(Saved entries)
::::

text \<open>Geometrically: the lifted barycenter of n lies below the upper hull, which the lifted
  barycenter of m reaches on the face containing T.\<close>
lemma covered_inner_le:
  assumes cov: "covered pt lam T" and m: "m \<in> simplex_face T" and n: "n \<in> std_simplex"
    and bary: "barycenter pt m = barycenter pt n"
  shows "n \<bullet> lam \<le> m \<bullet> lam"
proof -
  obtain c where c: "T \<subseteq> upper_face pt lam c" using cov covered_def by blast
  obtain i0 where i0: "i0 \<in> upper_face pt lam c" using upper_face_nonempty by blast
  define M where "M = c \<bullet> pt i0 + lam $ i0"
  have "c \<bullet> pt j + lam $ j \<le> M" for j using i0 unfolding upper_face_def M_def by blast
  then have le: "lam $ j \<le> M - c \<bullet> pt j" for j by (simp add: le_diff_eq add.commute)
  have eq: "lam $ j = M - c \<bullet> pt j" if "j \<in> T" for j
    using upper_face_value_eq[of j, OF _ i0] c that unfolding M_def by (simp add: subset_iff)
  have affine: "(\<Sum>j\<in>UNIV. p $ j * (M - c \<bullet> pt j)) = M - c \<bullet> barycenter pt p"
    if "p \<in> std_simplex" for p
    using that unfolding std_simplex_def inner_barycenter
    by (simp add: right_diff_distrib sum_subtractf sum_distrib_right[symmetric])
  have "n \<bullet> lam \<le> (\<Sum>j\<in>UNIV. n $ j * (M - c \<bullet> pt j))"
    unfolding inner_vec_eq_sum using n le
    by (intro sum_mono mult_left_mono) (auto simp: std_simplex_def)
  also have "\<dots> = (\<Sum>j\<in>UNIV. m $ j * (M - c \<bullet> pt j))"
    using m n bary by (simp add: affine simplex_face_def)
  also have "\<dots> = m \<bullet> lam"
  proof -
    have "m $ j * (M - c \<bullet> pt j) = m $ j * lam $ j" for j
      using m eq[of j] by (cases "j \<in> T") (auto simp: simplex_face_def)
    then show ?thesis unfolding inner_vec_eq_sum by (rule sum.cong[OF refl])
  qed
  finally show ?thesis .
qed

lemma sum_UNIV_sum_type:
  "(\<Sum>k\<in>UNIV. f k) = (\<Sum>j\<in>UNIV. f (Inl j)) + (\<Sum>i\<in>UNIV. f (Inr i))"
  for f :: "'a::finite + 'b::finite \<Rightarrow> 'c::comm_monoid_add"
  by (simp add: sum.Plus[of UNIV UNIV, unfolded UNIV_Plus_UNIV] comp_def)

lemma not_covered_farkas:
  fixes pt :: "'n::finite \<Rightarrow> 'd::euclidean_space"
  assumes "\<not> covered pt lam T"
  obtains A B :: "real^'n" where "\<forall>j. 0 \<le> A $ j" "\<forall>j. 0 \<le> B $ j" "\<forall>j. j \<notin> T \<longrightarrow> B $ j = 0"
    "barycenter pt A = barycenter pt B" "sum (($) A) UNIV = sum (($) B) UNIV" "B \<bullet> lam < A \<bullet> lam"
proof -
  \<comment> \<open>the linear system in (c, M) of covered_iff_affine_bound, which has no solution\<close>
  define a :: "'n + 'n \<Rightarrow> 'd \<times> real"
    where "a = case_sum (\<lambda>j. (pt j, -1)) (\<lambda>i. if i \<in> T then (- pt i, 1) else 0)"
  define b :: "'n + 'n \<Rightarrow> real"
    where "b = case_sum (\<lambda>j. - lam $ j) (\<lambda>i. if i \<in> T then lam $ i else 0)"
  have "\<nexists>y. \<forall>k\<in>UNIV. a k \<bullet> y \<le> b k"
  proof
    assume "\<exists>y. \<forall>k\<in>UNIV. a k \<bullet> y \<le> b k"
    then obtain c M where cM: "\<And>k. a k \<bullet> (c, M) \<le> b k" by auto
    have "c \<bullet> pt j + lam $ j \<le> M" for j
      using cM[of "Inl j"] by (simp add: a_def b_def inner_commute)
    moreover have "M \<le> c \<bullet> pt i + lam $ i" if "i \<in> T" for i
      using cM[of "Inr i"] that by (simp add: a_def b_def inner_commute)
    ultimately show False using assms covered_iff_affine_bound by blast
  qed
  then obtain \<alpha> where \<alpha>: "\<forall>k\<in>UNIV. 0 \<le> \<alpha> k"
    and sa: "(\<Sum>k\<in>UNIV. \<alpha> k *\<^sub>R a k) = 0" and sb: "(\<Sum>k\<in>UNIV. \<alpha> k * b k) < 0"
    using farkas_lemma[of UNIV a b] by auto
  define A :: "real^'n" where "A = (\<chi> j. \<alpha> (Inl j))"
  define B :: "real^'n" where "B = (\<chi> i. if i \<in> T then \<alpha> (Inr i) else 0)"
  have "fst (\<alpha> (Inr i) *\<^sub>R a (Inr i)) = - (B $ i *\<^sub>R pt i)"
    and "snd (\<alpha> (Inr i) *\<^sub>R a (Inr i)) = B $ i" for i
    by (simp_all add: a_def B_def)
  then have "fst (\<Sum>k\<in>UNIV. \<alpha> k *\<^sub>R a k) = barycenter pt A - barycenter pt B"
    and "snd (\<Sum>k\<in>UNIV. \<alpha> k *\<^sub>R a k) = sum (($) B) UNIV - sum (($) A) UNIV"
    by (simp_all add: fst_sum snd_sum sum_UNIV_sum_type barycenter_def a_def A_def sum_negf)
  then have "barycenter pt A = barycenter pt B" "sum (($) A) UNIV = sum (($) B) UNIV"
    using sa by simp_all
  moreover have "\<alpha> (Inr i) * b (Inr i) = B $ i * lam $ i" for i by (simp add: b_def B_def)
  then have "B \<bullet> lam < A \<bullet> lam"
    using sb by (simp add: sum_UNIV_sum_type b_def A_def inner_vec_eq_sum sum_negf)
  moreover have "\<forall>j. 0 \<le> A $ j" "\<forall>j. 0 \<le> B $ j" "\<forall>j. j \<notin> T \<longrightarrow> B $ j = 0"
    using \<alpha> by (simp_all add: A_def B_def)
  ultimately show ?thesis using that by blast
qed

lemma not_covered_inner_less:
  fixes pt :: "'n::finite \<Rightarrow> 'd::euclidean_space"
  assumes "\<not> covered pt lam T"
  obtains m n where "m \<in> simplex_face T" "n \<in> std_simplex"
    "barycenter pt m = barycenter pt n" "m \<bullet> lam < n \<bullet> lam"
proof -
  obtain A B :: "real^'n" where A0: "\<forall>j. 0 \<le> A $ j" and B0: "\<forall>j. 0 \<le> B $ j"
    and BT: "\<forall>j. j \<notin> T \<longrightarrow> B $ j = 0" and bary: "barycenter pt A = barycenter pt B"
    and sumAB: "sum (($) A) UNIV = sum (($) B) UNIV" and less: "B \<bullet> lam < A \<bullet> lam"
    using not_covered_farkas[OF assms] by metis
  define s where "s = sum (($) A) UNIV"
  have "s \<noteq> 0"
  proof
    assume "s = 0"
    then have "A = 0" "B = 0"
      using A0 B0 sumAB by (simp_all add: s_def sum_nonneg_eq_0_iff vec_eq_iff)
    with less show False by simp
  qed
  then have "s > 0" unfolding s_def using A0 by (simp add: sum_nonneg order_le_neq_trans)
  show ?thesis
  proof
    show "(1 / s) *\<^sub>R B \<in> simplex_face T" "(1 / s) *\<^sub>R A \<in> std_simplex"
      using A0 B0 BT \<open>s > 0\<close> sumAB
      by (auto simp: simplex_face_def std_simplex_def s_def sum_divide_distrib[symmetric])
    show "barycenter pt ((1 / s) *\<^sub>R B) = barycenter pt ((1 / s) *\<^sub>R A)"
      by (simp add: barycenter_scaleR bary)
    show "(1 / s) *\<^sub>R B \<bullet> lam < (1 / s) *\<^sub>R A \<bullet> lam"
      using less \<open>s > 0\<close> by (simp add: divide_strict_right_mono)
  qed
qed

lemma compact_std_simplex: "compact (std_simplex :: (real^'n::finite) set)"
proof -
  have "closed (std_simplex :: (real^'n) set)"
    unfolding std_simplex_def
    by (intro closed_Collect_conj closed_Collect_all closed_Collect_le closed_Collect_eq continuous_intros)
  moreover have "norm z \<le> 1" if "z \<in> std_simplex" for z :: "real^'n"
    using norm_le_l1_cart[of z] that by (simp add: std_simplex_def)
  then have "bounded (std_simplex :: (real^'n) set)" unfolding bounded_iff by blast
  ultimately show ?thesis by (simp add: compact_eq_bounded_closed)
qed

lemma fibre_maximizer_exists:
  assumes "m \<in> std_simplex"
  obtains n where "n \<in> std_simplex" "barycenter pt n = barycenter pt m"
    "\<forall>n'\<in>std_simplex. barycenter pt n' = barycenter pt m \<longrightarrow> n' \<bullet> lam \<le> n \<bullet> lam"
proof -
  let ?N = "std_simplex \<inter> {n. barycenter pt n = barycenter pt m}"
  have "closed {n. barycenter pt n = barycenter pt m}"
    unfolding barycenter_def by (intro closed_Collect_eq continuous_intros)
  then have "compact ?N" by (intro compact_Int_closed compact_std_simplex)
  moreover have "?N \<noteq> {}" using assms by blast
  moreover have "continuous_on ?N (\<lambda>n. n \<bullet> lam)" by (intro continuous_intros)
  ultimately obtain n where "n \<in> ?N" "\<forall>n'\<in>?N. n' \<bullet> lam \<le> n \<bullet> lam"
    using continuous_attains_sup by blast
  then show ?thesis using that by blast
qed

text \<open>If the support of a maximizer were not covered, moving it a little in the direction
  n2 - m2 of a witness from not_covered_inner_less would increase n \<bullet> lam.\<close>
lemma fibre_maximizer_covered:
  fixes pt :: "'n::finite \<Rightarrow> 'd::euclidean_space"
  assumes n: "n \<in> std_simplex"
    and max: "\<forall>n'\<in>std_simplex. barycenter pt n' = barycenter pt n \<longrightarrow> n' \<bullet> lam \<le> n \<bullet> lam"
  shows "covered pt lam {j. n $ j \<noteq> 0}"
proof (rule ccontr)
  define T where "T = {j. n $ j \<noteq> 0}"
  assume "\<not> covered pt lam {j. n $ j \<noteq> 0}"
  then obtain m2 n2 where m2: "m2 \<in> simplex_face T" and n2: "n2 \<in> std_simplex"
    and bary2: "barycenter pt m2 = barycenter pt n2" and less: "m2 \<bullet> lam < n2 \<bullet> lam"
    using not_covered_inner_less unfolding T_def by metis
  define e where "e = Min (insert 1 ((($) n) ` T))"
  have n0: "0 \<le> n $ j" for j using n by (simp add: std_simplex_def)
  have "e > 0" unfolding e_def T_def using n0 by (simp add: order_neq_le_trans)
  have e_le: "e \<le> 1" "\<And>j. j \<in> T \<Longrightarrow> e \<le> n $ j" unfolding e_def by simp_all
  define n' where "n' = n + e *\<^sub>R (n2 - m2)"
  have "n' \<in> std_simplex"
    unfolding std_simplex_def
  proof (intro CollectI conjI allI)
    fix j
    have "m2 $ j \<le> 1"
      using m2 member_le_sum[of j UNIV "($) m2"] by (simp add: simplex_face_def std_simplex_def)
    then have "e * m2 $ j \<le> n $ j"
      using e_le \<open>e > 0\<close> m2 n0[of j] unfolding T_def
      by (cases "n $ j = 0") (auto simp: simplex_face_def intro: order_trans[OF mult_left_le])
    moreover have "0 \<le> e * n2 $ j" using \<open>e > 0\<close> n2 by (simp add: std_simplex_def)
    ultimately show "0 \<le> n' $ j" by (simp add: n'_def algebra_simps)
  next
    show "(\<Sum>j\<in>UNIV. n' $ j) = 1"
      using n n2 m2 by (simp add: n'_def sum.distrib sum_subtractf sum_distrib_left[symmetric]
          std_simplex_def simplex_face_def)
  qed
  moreover have "barycenter pt n' = barycenter pt n"
    by (simp add: n'_def barycenter_add barycenter_scaleR barycenter_diff bary2)
  moreover have "n \<bullet> lam < n' \<bullet> lam"
    using \<open>e > 0\<close> less by (simp add: n'_def inner_add_left inner_diff_left)
  ultimately show False using max by fastforce
qed

lemma covered_fibre_maximizer:
  fixes pt :: "'n::finite \<Rightarrow> 'd::euclidean_space"
  assumes "m \<in> std_simplex"
  obtains n where "n \<in> std_simplex" "barycenter pt n = barycenter pt m" "covered pt lam {j. n $ j \<noteq> 0}"
    "\<forall>n'\<in>std_simplex. barycenter pt n' = barycenter pt m \<longrightarrow> n' \<bullet> lam \<le> n \<bullet> lam"
proof -
  obtain n where n: "n \<in> std_simplex" "barycenter pt n = barycenter pt m"
    and max: "\<forall>n'\<in>std_simplex. barycenter pt n' = barycenter pt m \<longrightarrow> n' \<bullet> lam \<le> n \<bullet> lam"
    using fibre_maximizer_exists[OF assms] by blast
  moreover have "covered pt lam {j. n $ j \<noteq> 0}"
    using n max by (intro fibre_maximizer_covered) auto
  ultimately show ?thesis using that by blast
qed

section \<open>Secondary cones\<close>

text \<open>By sec_cone_reg_subdiv below, this is the secondary cone of S_l0, described without
  taking a closure.\<close>
definition coarsening_cone :: "('n::finite \<Rightarrow> 'd::euclidean_space) \<Rightarrow> real^'n \<Rightarrow> (real^'n) set" where
  "coarsening_cone pt l0 = {lam. \<forall>G\<in>reg_subdiv pt l0. covered pt lam G}"

lemma coarsening_cone_self: "l0 \<in> coarsening_cone pt l0"
  unfolding coarsening_cone_def covered_iff_reg_subdiv by blast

::::

**WHAT TO WORK ON:** Give an exact copy of the lines above, from the top of the records to the line that contains "lam \<le> (\<Sum>j\<in>UNIV.", taking in both ends.

**WORKED SOLUTION:**
text \<open>Geometrically: the lifted barycenter of n lies below the upper hull, which the lifted
  barycenter of m reaches on the face containing T.\<close>
lemma covered_inner_le:
  assumes cov: "covered pt lam T" and m: "m \<in> simplex_face T" and n: "n \<in> std_simplex"
    and bary: "barycenter pt m = barycenter pt n"
  shows "n \<bullet> lam \<le> m \<bullet> lam"
proof -
  obtain c where c: "T \<subseteq> upper_face pt lam c" using cov covered_def by blast
  obtain i0 where i0: "i0 \<in> upper_face pt lam c" using upper_face_nonempty by blast
  define M where "M = c \<bullet> pt i0 + lam $ i0"
  have "c \<bullet> pt j + lam $ j \<le> M" for j using i0 unfolding upper_face_def M_def by blast
  then have le: "lam $ j \<le> M - c \<bullet> pt j" for j by (simp add: le_diff_eq add.commute)
  have eq: "lam $ j = M - c \<bullet> pt j" if "j \<in> T" for j
    using upper_face_value_eq[of j, OF _ i0] c that unfolding M_def by (simp add: subset_iff)
  have affine: "(\<Sum>j\<in>UNIV. p $ j * (M - c \<bullet> pt j)) = M - c \<bullet> barycenter pt p"
    if "p \<in> std_simplex" for p
    using that unfolding std_simplex_def inner_barycenter
    by (simp add: right_diff_distrib sum_subtractf sum_distrib_right[symmetric])
  have "n \<bullet> lam \<le> (\<Sum>j\<in>UNIV. n $ j * (M - c \<bullet> pt j))"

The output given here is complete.